Activity limitation was assessed by 1-item Global Activity Limitation Index (GALI) (27). Participants who indicated their function to be limited or severely limited were classified as having a “limited function.”

Health during the past 2 weeks was assessed by one question of “Have you felt not well regarding your health during the past 2 weeks?” Participants who indicated not feeling well were classified as “Feel not well regarding health.”

Sociodemographic Factors

Age (in years), sex (male/female), educational level (without schooling/1–6 years of education/>6 years of education), current marital status (married/divorced or separated/widowed/never married), residence (urban/rural), and living situation (living alone/living with family members) were assessed.

Statistical Analyses

Descriptive statistics were used to describe the scale scores (28).
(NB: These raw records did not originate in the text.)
lemma norm_coords: "norm (coords a) = norm (a::'a::euclidean_space)"
  using inner_coords[of a a] by (simp add: norm_eq_sqrt_inner)

lemma bounded_linear_coords: "bounded_linear coords"
proof -
  have "linear coords"
    by (rule linearI) (simp_all add: coords_def vec_eq_iff inner_add_left)
  then show ?thesis by (simp add: linear_conv_bounded_linear)
qed

lemma bounded_linear_of_coords: "bounded_linear of_coords"
proof -
  have "linear of_coords"
    by (rule linearI) (simp_all add: of_coords_def scaleR_add_left sum.distrib scaleR_sum_right)
  then show ?thesis by (simp add: linear_conv_bounded_linear)
qed

lemma coords_measurable [measurable]: "coords \<in> borel_measurable borel"
  using bounded_linear_coords by (intro borel_measurable_continuous_onI linear_continuous_on)

lemma of_coords_measurable [measurable]: "of_coords \<in> borel_measurable borel"
  using bounded_linear_of_coords by (intro borel_measurable_continuous_onI linear_continuous_on)

lemma coords_vimage_box: "coords -` box l u = box (of_coords l) (of_coords u)"
proof -
  have "coords -` box l u = {x. \<forall>i. l$i < x \<bullet> basis_vec i \<and> x \<bullet> basis_vec i < u$i}"
    by (auto simp: box_def Basis_vec_def inner_axis_one coords_def)
  also have "\<dots> = {x. \<forall>b\<in>Basis. of_coords l \<bullet> b < x \<bullet> b \<and> x \<bullet> b < of_coords u \<bullet> b}"
  proof (intro Collect_cong iffI ballI allI)
    fix x b assume "\<forall>i. l$i < x \<bullet> basis_vec i \<and> x \<bullet> basis_vec i < u$i" and "(b::'a) \<in> Basis"
    then show "of_coords l \<bullet> b < x \<bullet> b \<and> x \<bullet> b < of_coords u \<bullet> b"
      using range_basis_vec by (metis inner_of_coords_basis_vec rangeE)
  next
    fix x i assume "\<forall>b\<in>Basis. of_coords l \<bullet> b < x \<bullet> b \<and> x \<bullet> b < of_coords u \<bullet> b"
    then show "l$i < x \<bullet> basis_vec i \<and> x \<bullet> basis_vec i < u$i"
      using basis_vec_in_Basis[of i] by (metis inner_of_coords_basis_vec)
  qed
  finally show ?thesis by (simp add: box_def)
qed
lemma estar_first_step: "ps_first_step \<rho> q s (estar \<rho> q s)"
  using estar_bounded_solution by blast

lemma estar_bounded: "\<exists>M. \<forall>n b. \<bar>estar \<rho> q s n b\<bar> \<le> M"
  using estar_bounded_solution by blast

lemma bounded_estar_coeffs: "bounded (range (\<lambda>n. complex_of_real (estar \<rho> q s n b)))"
  using estar_bounded by (auto simp: bounded_iff)

lemma EE_sums: "norm z < 1 \<Longrightarrow> (\<lambda>n. complex_of_real (estar \<rho> q s n b) * z ^ n) sums EE \<rho> q s b z"
  unfolding EE_def by (intro summable_sums summable_power_series_bounded bounded_estar_coeffs)

lemma EE_0: "norm z < 1 \<Longrightarrow> EE \<rho> q s 0 z = 1 / (1 - z)"
  using estar_first_step by (simp add: EE_def ps_first_step_def suminf_geometric)

definition Fcoeff :: "nat \<Rightarrow> nat \<Rightarrow> real" where
  "Fcoeff b n = (\<Sum>k. q ^ k * estar \<rho> q s (n + k + 1) b)"

definition Fseries :: "nat \<Rightarrow> complex \<Rightarrow> complex" where
  "Fseries b z = (\<Sum>n. complex_of_real (Fcoeff b n) * z ^ n)"

lemma summable_Fcoeff: "summable (\<lambda>k. q ^ k * estar \<rho> q s (n + k + 1) b)"
proof -
  obtain M where M: "\<forall>n b. \<bar>estar \<rho> q s n b\<bar> \<le> M" using estar_bounded by blast
  then show ?thesis
    using q_pos q_less_1 by (intro geometric_weighted_series(1)[of q "\<lambda>k. estar \<rho> q s (n + k + 1) b" M]) auto
qed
Reliability was measured by the internal consistency with the Cronbach’s alpha; a Cronbach’s alpha value of 0.7 or above was considered satisfactory reliability of internal consistency (29).
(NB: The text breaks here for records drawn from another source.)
text \<open>If no index above \<open>a\<close> occurs in \<open>I\<close>, then \<open>\<alpha>\<^sub>a \<alpha>\<^sup>I\<close> is itself ordered; otherwise
  \<open>\<alpha>\<^sub>a\<close> is commuted past the top factor \<open>\<alpha>\<^sub>b\<close>, and the error \<open>[\<alpha>\<^sub>b, \<alpha>\<^sub>a] \<in> L\<close> is an
  \<open>S\<close>-combination of the \<open>\<alpha>\<^sub>i\<close>, of lower degree.\<close>

lemma alpha_mult_pbw: "mdeg I \<le> n \<Longrightarrow> iL (\<alpha> a) * pbw I - pbw (inc I a) \<in> F (int n)"
proof (induction n arbitrary: a I)
  case 0
  then have "\<forall>j>a. I j = 0" using mdeg_eq_0_iff[of I] by auto
  then show ?case by (simp add: mono_U_inc zero_in_filtU)
next
  case (Suc m)
  show ?case
  proof (cases "\<forall>j>a. I j = 0")
    case True
    then show ?thesis by (simp add: mono_U_inc zero_in_filtU)
  next
    case False
    then obtain j where "a < j" and "I j \<noteq> 0" by auto
    then obtain J b where I: "I = inc J b" and top: "\<forall>j>b. J j = 0" and "a < b"
      by (rule obtain_top_index_above)
    have "mdeg J \<le> m" using Suc.prems I by (simp add: mdeg_inc)
    obtain c where c: "iL (\<alpha> b) * iL (\<alpha> a) - iL (\<alpha> a) * iL (\<alpha> b) = (\<Sum>i\<in>UNIV. iS (c i) * iL (\<alpha> i))"
      by (rule commutator_alpha)
    define r where "r = iL (\<alpha> a) * pbw J - pbw (inc J a)"
    have "iL (\<alpha> a) * pbw I - pbw (inc I a) = iL (\<alpha> b) * r - (\<Sum>i\<in>UNIV. iS (c i) * (iL (\<alpha> i) * pbw J))"
      unfolding I alpha_mult_pbw_inc_top[OF top \<open>a < b\<close>] c r_def
      by (simp add: sum_distrib_right mult.assoc)
    also have "\<dots> \<in> F (int m + 1)"
    proof (intro filtU_diff filtU_sum iS_mult_filtU)
      have "r \<in> F (int m)" unfolding r_def using \<open>mdeg J \<le> m\<close> by (rule Suc.IH)
      with Suc.IH show "iL (\<alpha> b) * r \<in> F (int m + 1)" by (rule alpha_mult_filtU_step)
      fix i
      have "pbw J \<in> F (int m)" using pbw_in_filtU[of J "int m" 1] \<open>mdeg J \<le> m\<close> by (simp add: iS_1)
      with Suc.IH show "iL (\<alpha> i) * pbw J \<in> F (int m + 1)" by (rule alpha_mult_filtU_step)
    qed
    finally show ?thesis by (simp add: add.commute)
  qed
qed

lemma alpha_mult_filtU: "x \<in> F q \<Longrightarrow> iL (\<alpha> a) * x \<in> F (q + 1)"
proof (cases "q < 0")
  case True
  moreover assume "x \<in> F q"
  ultimately show ?thesis by (simp add: filtU_negative zero_in_filtU)
next
  case False
  then obtain m where "q = int m" by (metis nonneg_eq_int not_less)
  moreover assume "x \<in> F q"
  ultimately show ?thesis by (simp add: alpha_mult_filtU_step alpha_mult_pbw)
qed

section \<open>Commutators with the coordinates\<close>

lemma ad_alpha_mult: "ad x (iL (\<alpha> b) * v) = iL (\<alpha> b) * ad x v + iS (\<alpha> b x) * v"
  by (simp add: algebra_simps alpha_mult_iS flip: mult.assoc)

lemma ad_iS_mult: "ad x (iS f * v) = iS f * ad x v"
  by (simp add: algebra_simps iS_commute flip: mult.assoc)

lemma ad_sum: "ad x (\<Sum>I\<in>A. iS (c I) * pbw I) = (\<Sum>I\<in>A. iS (c I) * ad x (pbw I))"
  by (simp add: sum_distrib_left sum_distrib_right sum_subtractf flip: ad_iS_mult)

text \<open>The leading term \<open>\<Sum>\<^sub>m I\<^sub>m \<alpha>\<^sub>m(x) \<alpha>\<^bsup>I - e\<^sub>m\<^esup>\<close> of \<open>[\<alpha>\<^sup>I, x]\<close>; where \<open>I m = 0\<close>
  the truncated \<open>I m - 1\<close> is harmless, as the coefficient vanishes.\<close>

definition ad_symbol :: "('n, 'k) pol \<Rightarrow> ('n \<Rightarrow> nat) \<Rightarrow> 'u" where
  "ad_symbol x I = (\<Sum>m\<in>UNIV. iS (of_nat (I m) * \<alpha> m x) * pbw (I(m := I m - 1)))"

lemma ad_symbol_in_filtU: "ad_symbol x I \<in> F (int (mdeg I) - 1)"
  unfolding ad_symbol_def
proof (rule filtU_sum)
  fix m
  show "iS (of_nat (I m) * \<alpha> m x) * pbw (I(m := I m - 1)) \<in> F (int (mdeg I) - 1)"
  proof (cases "I m = 0")
    case True
    then show ?thesis by (simp add: iS_0 zero_in_filtU)
  next
    case False
    then show ?thesis by (intro pbw_in_filtU) (simp flip: mdeg_dec)
  qed
qed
To examine the convergent and divergent validity, we hypothesized that self-rated health is stronger related to the IADL and physical performance domains, and less to the other 2 domains. We hypothesized that the informal care from family members is stronger related to the ADL and IADL domains, but less so to the other 2. We also hypothesized that the cognitive score is strongly related to the cognitive function domain, but less so to the other 3. A satisfactory convergent validity was defined as a statistically significant correlation between a domain score and the score of a relevant alternative measure of the same domain, with a greater correlation indicating stronger validity (30). If each alternative measure exhibited a greater correlation with the related DI subdomain(s) but a lower correlation with the other DI subdomains, divergent validity was inferred (30). The convergent and divergent validity were assessed using Spearman rank order correlation coefficients (self-rated health) (31) and Pearson correlation coefficients (informal care hours from family members and cognitive score) (30).
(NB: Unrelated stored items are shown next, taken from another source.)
(* For every $n\ge1$, $$\sum_{\sigma\in\mathfrak S_n}(xy)^{{\rm L}(\sigma)}\Bigl(\frac{x+y}{2}\Bigr)^{n-2{\rm L}(\sigma)}\beta^{{\rm RLmin}(\sigma)}=\sum_{k=1}^n\binom nk\frac{(\beta(y-x))^{n-k}}{2^{n-k}}\Bigl(\sum_{\sigma\in\mathfrak S_k}x^{{\rm des}(\sigma)+1}y^{{\rm asc}(\sigma)}\beta^{{\rm LRmin}(\sigma)}\Bigr)+\Bigl(\frac{\beta(y-x)}{2}\Bigr)^n.$$
   Context: For $\sigma=\sigma_1\cdots\sigma_m\in\mathfrak S_m$: ${\rm asc}(\sigma)$, ${\rm des}(\sigma)$ are the numbers of $i\in[m-1]$ with $\sigma_i<\sigma_{i+1}$, resp. $\sigma_i>\sigma_{i+1}$; ${\rm L}(\sigma)$ is the number of $i$ with $1\le i<m$ and $\sigma_{i-1}<\sigma_i>\sigma_{i+1}$ (convention $\sigma_0=0$); ${\rm LRmin}(\sigma)$ is the number of $i$ with $\sigma_j>\sigma_i$ for all $j<i$; ${\rm RLmin}(\sigma)$ is the number of $i$ with $\sigma_j>\sigma_i$ for all $j>i$. *)

theory Defs
  imports Complex_Main "HOL-Combinatorics.Multiset_Permutations"
begin

text \<open>A permutation of [m] is represented as a list sigma_1 ... sigma_m
  (an element of permutations_of_set {1..m}). Entry i (1-indexed) is
  perm_at xs i; the convention sigma_0 = 0 is built in.\<close>

definition perm_at :: "nat list \<Rightarrow> nat \<Rightarrow> nat" where
  "perm_at xs i = (if i = 0 then 0 else xs ! (i - 1))"

definition asc :: "nat list \<Rightarrow> nat" where
  "asc xs = card {i \<in> {1..<length xs}. perm_at xs i < perm_at xs (i + 1)}"

definition des :: "nat list \<Rightarrow> nat" where
  "des xs = card {i \<in> {1..<length xs}. perm_at xs i > perm_at xs (i + 1)}"

definition lpk :: "nat list \<Rightarrow> nat" where
  "lpk xs = card {i \<in> {1..<length xs}.
      perm_at xs (i - 1) < perm_at xs i \<and> perm_at xs i > perm_at xs (i + 1)}"

definition LRmin :: "nat list \<Rightarrow> nat" where
  "LRmin xs = card {i \<in> {1..length xs}. \<forall>j \<in> {1..<i}. perm_at xs j > perm_at xs i}"

definition RLmin :: "nat list \<Rightarrow> nat" where
  "RLmin xs = card {i \<in> {1..length xs}. \<forall>j \<in> {i<..length xs}. perm_at xs j > perm_at xs i}"

end

theory Submission
  imports Defs "HOL-Analysis.Derivative"
begin

(*
  Write A_k(x,y) for the sum of x^(des+1) y^asc beta^LRmin over the permutations of [k] (A_0 = 1),
  P_n(x,y) for the left-hand side and D = d/dx + d/dy.  Every permutation of [n+1] arises exactly
  once by inserting n+1 into a permutation of [n], and tracking how des, asc, LRmin, lpk and RLmin
  change under this insertion gives
    A_(k+1) = beta x A_k + x y D A_k    and    P_(n+1) = beta (x+y)/2 P_n + x y D P_n.
  Since D annihilates y - x, Pascal's rule shows that the right-hand side
  B_n = sum_k (n choose k) (beta (y-x)/2)^(n-k) A_k obeys the recurrence of P_n, and P_0 = B_0 = 1.
*)

lemma mem_Suc_image_iff: "0 < j \<Longrightarrow> j \<in> Suc ` X \<longleftrightarrow> j - 1 \<in> X"
  by (cases j) auto

lemma card_filter_point: "card {j \<in> S. i \<le> j \<and> j \<le> (i::nat)} = of_bool (i \<in> S)"
proof -
  have "{j \<in> S. i \<le> j \<and> j \<le> i} = (if i \<in> S then {i} else {})" by auto
  then show ?thesis by simp
qed

(* Positions before the gap are kept, those after it move up by one, those in a..b are lost
   and M is gained. *)
lemma card_splice:
  fixes S M :: "nat set"
  assumes "finite S" "finite M" "M \<subseteq> {a..Suc b}" "a \<le> Suc b"
  shows "card ({j \<in> S. j < a} \<union> M \<union> Suc ` {j \<in> S. b < j}) + card {j \<in> S. a \<le> j \<and> j \<le> b}
       = card S + card M"
proof -
  let ?L = "{j \<in> S. j < a}" and ?C = "{j \<in> S. a \<le> j \<and> j \<le> b}" and ?R = "{j \<in> S. b < j}"
  have "card (?L \<union> M \<union> Suc ` ?R) = card (?L \<union> M) + card (Suc ` ?R)"
    by (rule card_Un_disjoint) (use assms in auto)
  also have "card (?L \<union> M) = card ?L + card M"
    by (rule card_Un_disjoint) (use assms in auto)
  also have "card (Suc ` ?R) = card ?R"
    by (simp add: card_image)
  moreover have "card (?L \<union> ?C \<union> ?R) = card (?L \<union> ?C) + card ?R"
    by (rule card_Un_disjoint) (use assms in auto)
  moreover have "card (?L \<union> ?C) = card ?L + card ?C"
    by (rule card_Un_disjoint) (use assms in auto)
  moreover have "?L \<union> ?C \<union> ?R = S"
    using assms(4) by auto
  ultimately show ?thesis by simp
qed

lemma sum_card_Int_consecutive:
  fixes P :: "nat set"
  assumes "P \<subseteq> {1..<n}"
  shows "(\<Sum>i<n. card (P \<inter> {i, Suc i})) = 2 * card P"
proof -
  have "card (P \<inter> {i, Suc i}) = of_bool (i \<in> P) + of_bool (Suc i \<in> P)" for i
    by (cases "i \<in> P"; cases "Suc i \<in> P") (auto simp: Int_insert_right)
  moreover have "{..<n} \<inter> {i. i \<in> P} = P"
    using assms by auto
  moreover have "{..<n} \<inter> {i. Suc i \<in> P} = (\<lambda>j. j - 1) ` P"
    using assms by (force simp: subset_iff image_iff)
  moreover have "card ((\<lambda>j. j - 1) ` P) = card P"
  proof (intro card_image inj_onI)
    fix a b assume "a \<in> P" "b \<in> P" "a - 1 = b - 1"
    moreover have "0 < a" "0 < b" using assms \<open>a \<in> P\<close> \<open>b \<in> P\<close> by auto
    ultimately show "a = b" by simp
  qed
  ultimately show ?thesis
    by (simp add: sum.distrib)
qed

lemma length_permutation:
  "\<sigma> \<in> permutations_of_set {1..n} \<Longrightarrow> length \<sigma> = n"
  by (simp add: length_finite_permutations_of_set)

lemma perm_at_range:
  assumes "\<sigma> \<in> permutations_of_set {1..n}" "1 \<le> j" "j \<le> n"
  shows "perm_at \<sigma> j \<in> {1..n}"
proof -
  have "\<sigma> ! (j - 1) \<in> set \<sigma>"
    using assms length_permutation[OF assms(1)] by simp
  then show ?thesis
    using permutations_of_setD(1)[OF assms(1)] assms(2) by (simp add: perm_at_def)
qed

lemma perm_at_neq_Suc:
  assumes "\<sigma> \<in> permutations_of_set {1..n}" "1 \<le> j" "j < n"
  shows "perm_at \<sigma> j \<noteq> perm_at \<sigma> (Suc j)"
  using assms permutations_of_setD(2)[OF assms(1)] length_permutation[OF assms(1)]
  by (simp add: perm_at_def nth_eq_iff_index_eq)

definition insert_at :: "nat \<Rightarrow> 'a \<Rightarrow> 'a list \<Rightarrow> 'a list" where
  "insert_at i a xs = take i xs @ a # drop i xs"

lemma length_insert_at [simp]: "i \<le> length xs \<Longrightarrow> length (insert_at i a xs) = Suc (length xs)"
  by (simp add: insert_at_def)

lemma mset_insert_at: "mset (insert_at i a xs) = add_mset a (mset xs)"
proof -
  have "mset (insert_at i a xs) = add_mset a (mset (take i xs @ drop i xs))"
    unfolding insert_at_def mset_append by simp
  then show ?thesis by simp
qed

lemma set_insert_at [simp]: "set (insert_at i a xs) = insert a (set xs)"
  by (metis mset_insert_at set_mset_mset set_mset_add_mset_insert)

lemma distinct_insert_at [simp]: "distinct (insert_at i a xs) \<longleftrightarrow> a \<notin> set xs \<and> distinct xs"
  by (metis mset_insert_at mset.simps(2) mset_eq_imp_distinct_iff distinct.simps(2))

lemma perm_at_insert_at:
  assumes "i \<le> length xs"
  shows "perm_at (insert_at i a xs) j =
    (if j \<le> i then perm_at xs j else if j = Suc i then a else perm_at xs (j - 1))"
  using assms
  by (cases j) (auto simp: perm_at_def insert_at_def nth_append min_def nth_Cons' split: nat.split)

lemma insert_at_eq_iff:
  assumes "a \<notin> set xs" "i \<le> length xs" "j \<le> length ys"
  shows "insert_at i a xs = insert_at j a ys \<longleftrightarrow> xs = ys \<and> i = j"
proof -
  have "a \<notin> set (take i xs)" "a \<notin> set (drop i xs)"
    using assms(1) by (auto dest: in_set_takeD in_set_dropD)
  then have "insert_at i a xs = insert_at j a ys \<longleftrightarrow> take i xs = take j ys \<and> drop i xs = drop j ys"
    unfolding insert_at_def by (rule append_Cons_eq_iff)
  also have "\<dots> \<longleftrightarrow> xs = ys \<and> i = j"
  proof
    assume eq: "take i xs = take j ys \<and> drop i xs = drop j ys"
    then have "xs = ys" by (metis append_take_drop_id)
    moreover have "length (take i xs) = length (take j ys)" using eq by simp
    ultimately show "xs = ys \<and> i = j"
      using assms(2,3) by simp
  qed simp
  finally show ?thesis .
qed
To assess the known-group validity, the ability of the DI to discriminate between groups differing with regard to receiving informal care, presence of activity limitation and feeling not well regarding health, Mann–Whitney U tests were applied (31,32). We hypothesized that relatively higher scores of the full DI and each subdomain will be present in the subgroups characterized by (a) Heavy informal care burden, (b) Limited function, and (c) Feel not well regarding health.

We utilized the following alternative measures as the criterion for examining concurrent validity of the full DI: (a) receiving informal care and (b) the presence of activity limitation. The receiver operating characteristic (ROC) curve analysis was used to assess the concurrent validity (30). Accuracy was measured by the area under the ROC curve (AUC). AUCs of 0.7–0.8 were considered acceptable, 0.8–0.9 excellent, and greater than 0.9 outstanding (33).

All analyses were conducted among the total sample as well as by age subgroups. In addition, we conducted all the analyses stratified by sex subgroups and found similar results (Supplementary Tables 5–8). All analyses were performed with SPSS version 24.0 (IBM SPSS Statistics for Windows, Armonk, NY: IBM Corp). The level of significance was p value < .05.

Results

Participant Characteristics

Table 2 presents the demographics of the total sample as well as the age subgroups’ subsamples. The mean age of the total sample was 84.3 (SD = 11.2) years and 54.0% were women.

Table 2.

Characteristics of Participants (n = 12 559)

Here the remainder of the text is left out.